The Twilight Zone

 

(posted to www.marxmail.org on Sept. 19, 2002)

 

From 1959 to 1964, "The Twilight Zone" appeared weekly on CBS television in the USA. Hosted and produced by Rod Serling, who also wrote the majority of the scripts, the show combined elements of science fiction and fantasy in order to deliver a message about contemporary society. Intrinsic to each episode was a morality lesson presented by Serling after the end of each teleplay, which always concluded with an O. Henry surprise ending. Typical was the tale of a women in a hospital bed whose face was completely wrapped in bandages. The doctors and nurses, whose faces are never seen until the climax of the drama, are in a last-ditch effort to make her palatable to the rest of society through plastic surgery. Born with a monstrous congenital birth defect, she cannot walk out on the streets without having people faint in terror or throw stones at her. When the bandages finally come off, she is revealed to be a stunningly beautiful woman while the doctors and nurses look like warthogs--to put it charitably. Serling's comment went something like this: "When a society can dictate who is beautiful and who is not in such a topsy-turvy fashion, perhaps we need to dispense with the notion of beauty altogether." For an alienated teenager like myself, this was an encouraging morality tale. Only a few years later, African-Americans would draw similar lessons and stop straightening their hair.

Serling also drew upon the talents of Richard Matheson, who has been called "one of the most important writers of the 20th century" by Ray Bradbury and "the author who influenced me most as a writer" by Stephen King. The series featured actors such as Robert Redford,  Robert Duvall, and Dennis Hopper before their careers took off. It also featured established stars such as silent-film legend Buster Keaton, Art Carney, Mickey Rooney, Ida Lupino and John Carradine.

Rod Serling was born in Syracuse, N.Y., on December 25, 1924, and grew up in Binghamton, the son of a wholesale meat dealer.

After a stint in the army and graduating from Antioch College, Serling went to work on screenplays for MGM and then as a teleplay writer. "Patterns", written for the Kraft Television Theater, was an excoriating attack on sleazy big businessmen. Since the witch-hunt had made Hollywood such a sterile environment, television became an outlet for blacklistees or serious liberals like Serling who wanted to tackle important themes. Many of these tv shows portrayed the nihilism and growing feelings of disillusionment of the postwar world in the same fashion as "film noir".

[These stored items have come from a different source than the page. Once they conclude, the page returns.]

(* Let $H$ be a bipartite matching covered graph and $u$ a vertex of $H$ of degree at least three. If $f_1$ and $f_2$ are two edges incident with $u$ that lie in a common 4-cycle of $H$, then at least one of $f_1,f_2$ is removable in $H$.
   Context: Graphs may have multiple edges but no loops. An edge is admissible if it lies in some perfect matching. A connected graph with at least two vertices is matching covered if every edge is admissible. An edge $e$ of a matching covered graph $H$ is removable if $H-e$ is matching covered. *)

theory Defs
  imports Main
begin

text \<open>A finite loopless multigraph: vertex set V, edge set E (edge identifiers),
  and an incidence map ends giving the two distinct endpoints of each edge.\<close>

definition multigraph :: "'v set \<Rightarrow> 'e set \<Rightarrow> ('e \<Rightarrow> 'v set) \<Rightarrow> bool" where
  "multigraph V E ends \<longleftrightarrow> finite V \<and> finite E \<and>
     (\<forall>e\<in>E. ends e \<subseteq> V \<and> card (ends e) = 2)"

definition perfect_matching :: "'v set \<Rightarrow> 'e set \<Rightarrow> ('e \<Rightarrow> 'v set) \<Rightarrow> 'e set \<Rightarrow> bool" where
  "perfect_matching V E ends M \<longleftrightarrow> M \<subseteq> E \<and> (\<forall>v\<in>V. \<exists>!e. e \<in> M \<and> v \<in> ends e)"

definition admissible :: "'v set \<Rightarrow> 'e set \<Rightarrow> ('e \<Rightarrow> 'v set) \<Rightarrow> 'e \<Rightarrow> bool" where
  "admissible V E ends e \<longleftrightarrow> (\<exists>M. perfect_matching V E ends M \<and> e \<in> M)"

definition adj_rel :: "'e set \<Rightarrow> ('e \<Rightarrow> 'v set) \<Rightarrow> ('v \<times> 'v) set" where
  "adj_rel E ends = {(x, y). \<exists>e\<in>E. ends e = {x, y}}"
end
(* Consider the finite-dimensional problem (P) described in the context. (1) If additionally $\mathbf{x}^\downarrow=0$ is imposed, then (P) reduces to a mixed-integer linear program: all its constraints become mixed-integer linear. (2) Problem (P) reduces to a linear program, in which the constraints can be equivalently expressed as linear constraints in continuous variables only, in each of the following cases: $\mathbf{x}^0\le0$ is additionally imposed; or $K=1$; or $\eta^{c}=\eta^{d}=1$.
   Context: Let $K$ be a positive integer, $\Delta t>0$, $T=K\Delta t$, $\mathcal{K}=\{1,\dots,K\}$, $0\le\underline y\le\bar y$, $\underline x\le0\le\bar x$, efficiencies $\eta^{c},\eta^{d}\in(0,1]$, $\Delta\eta=1/\eta^{d}-\eta^{c}$, $y_0\ge0$ and $\gamma\in[0,T]$. Let $c$ and $\phi$ be real-valued cost functions. Problem (P) minimizes $c(\mathbf{x}^0,\mathbf{x}^\uparrow,\mathbf{x}^\downarrow)+\phi(\mathbf{x}^0,\mathbf{x}^\uparrow,\mathbf{x}^\downarrow,y_0)$. Its variables are $\mathbf{x}^0\in\mathbb{R}^K$; $\mathbf{x}^\uparrow,\mathbf{x}^\downarrow\in\mathbb{R}^K_+$; $\boldsymbol\alpha,\boldsymbol\beta\in\mathbb{R}^K$; $\underline{\boldsymbol\lambda},\bar{\boldsymbol\lambda}\in\mathbb{R}^K_+$; $\underline{\boldsymbol\Lambda}_k\in\mathbb{R}^k_+$ and $\bar{\boldsymbol\Lambda}_k\in\mathbb{R}^k$ for $k\in\mathcal{K}$; and $\upsilon_{1k},\upsilon_{2k}\in\{0,1\}$ for $k\le K-1$. Its constraints are: (a) $x^0_k+x^\uparrow_k\le\bar x$ and $x^0_k-x^\downarrow_k\ge\underline x$; (b) $y_0-\gamma\underline\lambda_k-\Delta t\sum_{l\le k}(\alpha_l+\underline\Lambda_{kl})\ge\underline y$; (c) $\alpha_k\ge\eta^{c}x^0_k$, $\alpha_k\ge x^0_k/\eta^{d}$, $\beta_k\ge\eta^{c}(x^0_k+x^\uparrow_k)$ and $\beta_k\ge(x^0_k+x^\uparrow_k)/\eta^{d}$; (d) $\underline\Lambda_{kl}+\underline\lambda_k+\alpha_l-\beta_l\ge0$ for $l\le k$; (e) $y_0+\gamma\bar\lambda_k+\Delta t\sum_{l\le k}\bar\Lambda_{kl}\le\bar y$; (f) $\bar\Lambda_{kk}\ge-\eta^{c}x^0_k$, $\bar\Lambda_{kk}\ge\eta^{c}(x^\downarrow_k-x^0_k)-\bar\lambda_k$ and $\bar\Lambda_{kk}\ge0$; (g) for $k\le K-1$: $(1-\upsilon_{1k})\underline x\le x^0_k-x^\downarrow_k\le\upsilon_{1k}\bar x$ and $\upsilon_{2k}\underline x\le x^0_k\le(1-\upsilon_{2k})\bar x$; (h) for $l<k$: - $\bar\Lambda_{kl}\ge\frac{x^\downarrow_l-x^0_l}{\eta^{d}}-\bar\lambda_k+(1-\upsilon_{1l})\Delta\eta\,\underline x$, - $\bar\Lambda_{kl}\ge-\frac{x^0_l}{\eta^{d}}+\upsilon_{2l}\Delta\eta\,\underline x$, - $\bar\Lambda_{kl}\ge\eta^{c}(x^\downarrow_l-x^0_l)-\bar\lambda_k-\upsilon_{1l}\Delta\eta\,\bar x$, - $\bar\Lambda_{kl}\ge-\eta^{c}x^0_l-(1-\upsilon_{2l})\Delta\eta\,\bar x$; (i) for $l<k$: the bilinear constraint $\bar\Lambda_{kl}x^\downarrow_l+\bar\lambda_kx^0_l\ge\upsilon_{2l}\frac{\underline x(\bar x-\underline x)}{\eta^{d}}-\upsilon_{1l}\frac{\bar x^2}{4\eta^{d}}$. All unqualified indices range over $\mathcal{K}$. *)

theory Defs
  imports Main "HOL-Library.Extended_Real"
begin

Serling's next job was with CBS' Playhouse 90 (so-named for the fact that it ran for 90 minutes.) Playhouse 90 represented television at its greatest. It was not only presented live, it tackled important social questions. Serling's most important work for the show was "Requiem for a Heavyweight" that was remade as a feature film. When Serling left this show in order to start "The Twilight Zone", people were surprised and disappointed. This was short-lived as the show's artistic merits soon became apparent. After "The Twilight Zone" went off the air, Serling returned to Antioch College as a professor and lectured at college campuses across the country. Politically active, Serling spoke out against the Vietnam War in the late '60s and early '70s.

He died on June 28, 1975, in Rochester, N.Y., of complications arising from a coronary bypass operation.

Last night a new revival of "The Twilight Zone" appeared on the UPN network. The last attempt at a revival occurred in 1985-1987 on the CBS network, about which I lack even a dim memory. Hosted by Forrest Whitaker, the African-American actor who played Charlie Parker in Clint Eastwood's "Bird" as well as many other films, the UPN show lasted an hour with two separate teleplays.

The first episode was titled "Evergreen". It is the story of a family with two wayward teenaged daughters. The elder is a particular problem in her parents' eyes, with her tattoos and spiked hair. When mom and dad can't take it any longer, they move into a gated community that is very strict about children keeping to the straight and narrow. When the older daughter wakes up after her first night there, she learns that her tattoos have been removed while she was under a drug-induced sleep. When a teenaged boy, who has set up with a tryst with her to smoke pot, is discovered after curfew, he is zapped into unconsciousness by a roving swat team and taken off to some undisclosed location. When she is finally caught in some misdeed herself, we discover the fate that befell both of them. They are turned into fertilizer that is used to nourish an evergreen tree on their parents' finely manicured front lawn.

The second episode starred Jason Alexander (George Constanza from the Seinfeld show) as Death, who has ended up in a hospital emergency room after trying--unsuccessfully--to take his own life. It appears that he has become depressed by his morbid existence. If he picks up a rose, it shrivels and dies immediately in his hands. Although he does not succeed in ending his own existence, he manages to go on strike, refusing to transport people or any other living thing into the Other Realm. When the young doctor who attended to him after his suicide attempt is shocked to see that suffering patients in his emergency ward cannot be relieved from their pain, he persuades Death to go back to work. Only one problem. The young doctor is in the Book of Death and he accompanies Jason Alexander into the Other Realm in the final scene.

Definitely worth watching for US citizens and any other country which has the mixed blessing of receiving US television fare.